When a clinician is confronted with new-onset hyperglycemia in the setting of immune checkpoint inhibitor therapy, prompt diagnostic evaluation should be initiated (Table 3). In addition to workup and management of hyperglycemia and potentially DKA, laboratory testing to consider includes fasting C-peptide as well as various antibody markers associated with autoimmune diabetes mellitus, including GAD, insulin autoantibody, IA-2, and zinc transporter (ZnT8).

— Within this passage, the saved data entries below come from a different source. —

(* For every $n\ge1$, the number of isomorphism classes of Nakayama algebras with $n$ simple modules having finite global dimension and magnitude one equals the Catalan number $C_n=\frac{1}{n+1}\binom{2n}{n}$.
   Context: Nakayama algebras are connected finite-dimensional algebras over an algebraically closed field $K$ all of whose indecomposable modules are uniserial, given as bound quiver algebras on a linear quiver $0\to\cdots\to n-1$ or cyclic quiver $0\to\cdots\to n-1\to 0$ with admissible relations; they are determined up to isomorphism by their Kupisch series $[c_0,\dots,c_{n-1}]$, $c_i=\dim_K e_iA$ (for cyclic ones, up to cyclic rotation). The Cartan matrix $\mathbf C_A$ has entries $\dim_K e_iAe_j$; for finite global dimension it is invertible, and the magnitude is the sum of all entries of $\mathbf C_A^{-1}$. *)

theory Defs
  imports "Jordan_Normal_Form.Gauss_Jordan_Elimination"
begin

text \<open>Nakayama algebras are encoded by their Kupisch series c = [c_0,...,c_(n-1)],
  c_i = dim e_i A.  The flag cyc distinguishes the cyclic quiver (True) from the
  linear quiver (False).  Vertices are 0..n-1, arrows i -> i+1 (mod n if cyclic).\<close>

definition kupisch_linear :: "nat \<Rightarrow> nat list \<Rightarrow> bool" where
  "kupisch_linear n c \<longleftrightarrow> length c = n \<and> n \<ge> 1 \<and> c ! (n - 1) = 1 \<and>
     (\<forall>i. i + 1 < n \<longrightarrow> c ! i \<ge> 2 \<and> c ! (i + 1) \<ge> c ! i - 1)"

definition kupisch_cyclic :: "nat \<Rightarrow> nat list \<Rightarrow> bool" where
  "kupisch_cyclic n c \<longleftrightarrow> length c = n \<and> n \<ge> 1 \<and>
     (\<forall>i<n. c ! i \<ge> 2 \<and> c ! ((i + 1) mod n) \<ge> c ! i - 1)"

definition step :: "bool \<Rightarrow> nat \<Rightarrow> nat \<Rightarrow> nat \<Rightarrow> nat" where
  "step cyc n i k = (if cyc then (i + k) mod n else i + k)"

text \<open>Cartan matrix: entry (i,j) = dim e_i A e_j = number of nonzero paths from i to j.\<close>
definition cartan :: "bool \<Rightarrow> nat \<Rightarrow> nat list \<Rightarrow> rat mat" where
  "cartan cyc n c = mat n n (\<lambda>(i, j). of_nat (card {k. k < c ! i \<and> step cyc n i k = j}))"

text \<open>Magnitude: sum of all entries of the inverse Cartan matrix (only meaningful
  when the Cartan matrix is invertible).\<close>
definition magnitude :: "rat mat \<Rightarrow> rat" where
  "magnitude C = (case mat_inverse C of
      Some B \<Rightarrow> (\<Sum>i<dim_row B. \<Sum>j<dim_col B. B $$ (i, j))
    | None \<Rightarrow> 0)"

text \<open>Indecomposable (uniserial) modules are given by (top vertex i, length l),
  1 \<le> l \<le> c_i; l = 0 encodes the zero module.  The first syzygy of (i,l) is the
  kernel of the projective cover P_i = (i, c_i) -> (i,l), namely rad^l P_i,
  which is the uniserial module (i+l, c_i - l).\<close>
definition syzygy :: "bool \<Rightarrow> nat \<Rightarrow> nat list \<Rightarrow> nat \<times> nat \<Rightarrow> nat \<times> nat" where
  "syzygy cyc n c M = (case M of (i, l) \<Rightarrow>
      if l = 0 then (i, 0) else (step cyc n i l, c ! i - l))"

text \<open>Finite global dimension: every simple module S_i = (i,1) has finite projective
  dimension, i.e. some iterated syzygy vanishes.\<close>
definition finite_gldim :: "bool \<Rightarrow> nat \<Rightarrow> nat list \<Rightarrow> bool" where
  "finite_gldim cyc n c \<longleftrightarrow>
     (\<forall>i<n. \<exists>k. snd ((syzygy cyc n c ^^ k) (i, 1)) = 0)"

definition good :: "bool \<Rightarrow> nat \<Rightarrow> nat list \<Rightarrow> bool" where
  "good cyc n c \<longleftrightarrow> finite_gldim cyc n c \<and> magnitude (cartan cyc n c) = 1"

text \<open>Isomorphism classes: linear Nakayama algebras are determined by their Kupisch
  series; cyclic ones by their Kupisch series up to cyclic rotation.  Linear and
  cyclic algebras are never isomorphic (different quivers), so we tag them.\<close>
definition nakayama_classes_good :: "nat \<Rightarrow> (bool \<times> nat list set) set" where
  "nakayama_classes_good n =
     {(False, {c}) | c. kupisch_linear n c \<and> good False n c} \<union>
     {(True, {rotate k c | k. True}) | c. kupisch_cyclic n c \<and> good True n c}"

One would anticipate a low fasting C-peptide and elevated antibody markers in autoimmune diabetes mellitus; however, this is not always the case.

Table 3

Diagnosis and management of immunotherapy-associated T1DM

Diagnostic studies

1 Fasting C-peptide

2 Insulin autoantibody

3 Glutamic acid decarboxylase (GAD) antibody

4 Insulinoma-associated protein 2 (IA2) antibody

5 Zinc transporter (ZnT8) antibody

6 Could consider HLA typing for high risk genotype to develop T1DM

Management

1 Consider admission if patient presents in DKA

2 Insulin therapy using multiple daily injections

3 Avoid all noninsulin therapy for glycemic control

4 There seems to be limited utility for treatment break

5 There seems to be limited utility for immunosuppression with corticosteroids

T1DM, type 1 diabetes mellitus; DKA, diabetic ketoacidosis.

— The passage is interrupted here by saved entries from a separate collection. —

text \<open>Probability that the GW tree equals a given finite typed plane tree:
 mu(root type) times the product over vertices of Q{C(v) | X(v)}.\<close>
primrec kprob :: "('a \<Rightarrow> 'a list \<Rightarrow> real) \<Rightarrow> 'a ttree \<Rightarrow> real" where
  "kprob Q (TNode a ts) = Q a (map troot ts) * prod_list (map (kprob Q) ts)"

definition gw_prob :: "('a \<Rightarrow> real) \<Rightarrow> ('a \<Rightarrow> 'a list \<Rightarrow> real) \<Rightarrow> 'a ttree \<Rightarrow> real" where
  "gw_prob \<mu> Q t = \<mu> (troot t) * kprob Q t"

definition emp_pair :: "'a ttree \<Rightarrow> (('a \<times> 'a \<Rightarrow> real) \<times> ('a \<times> 'a list \<Rightarrow> real))" where
  "emp_pair t = ((\<lambda>p. real (edge_count t p) / real (tsize t)),
                 (\<lambda>p. real (vert_count t p) / real (tsize t)))"

definition cond_prob :: "('a::finite \<Rightarrow> real) \<Rightarrow> ('a \<Rightarrow> 'a list \<Rightarrow> real) \<Rightarrow> nat
     \<Rightarrow> (('a \<times> 'a \<Rightarrow> real) \<times> ('a \<times> 'a list \<Rightarrow> real)) set \<Rightarrow> real" where
  "cond_prob \<mu> Q n A =
     (\<Sum>t\<in>{t. tsize t = n \<and> emp_pair t \<in> A}. gw_prob \<mu> Q t) / (\<Sum>t\<in>{t. tsize t = n}. gw_prob \<mu> Q t)"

In general, treatment for moderate to severe immune-related adverse events associated with immune checkpoint inhibitors has been delaying therapy and immunosuppression with corticosteroids. However, this approach may not be as useful in the setting of immunotherapy-related autoimmune diabetes. Studies suggest that in type 1 diabetics, by the time hyperglycemia manifests clinically, up to 80–95% of pancreatic β-cell mass has been irreversibly lost [51, 52, 53, 54, 55, 56]. With such a significant loss of β cells at the time of clinical presentation, it seems unlikely that immunotherapy dose modification or immunosuppression would alter the course of autoimmunity or insulin dependence. Therefore, in the setting of rapid-onset, autoimmune, insulin-dependent diabetes associated with immune checkpoint inhibitor therapy, there seems to be limited utility to immunotherapy dose modification or immunosuppression with corticosteroids. We propose managing hyperglycemia with insulin therapy and continuing immune checkpoint inhibition unless other clinical factors, such as alternative toxicity or disease progression, require dose modification or discontinuation.

Conclusion

Immune checkpoint inhibitors have been associated with various immune-related adverse effects. Rare cases of autoimmune diabetes mellitus have been reported. We present two cases of rapid-onset, insulin-dependent T1DM associated with the administration of nivolumab and atezolizumab. This appears to be the first report of autoimmune diabetes mellitus associated with atezolizumab. Based on a review of the literature, the PD-1:PD-L1 pathway seems to provide a protective effect against β cell autoimmunity, and in some patients, blocking this pairing with immune checkpoint inhibitors may lead to autoimmune diabetes mellitus and insulin dependence. There seems to be limited utility of dose modification or immunosuppression with corticosteroids once patients develop hyperglycemia. Further research is needed to clarify how to identify patients at greatest risk for autoimmunity and to determine the optimal strategy for prevention and management.

Statement of Ethics

The authors have no ethical conflicts to disclose. Informed consent was obtained from the patients for this report.

Disclosure Statement

The authors declare that there are no conflicts of interest.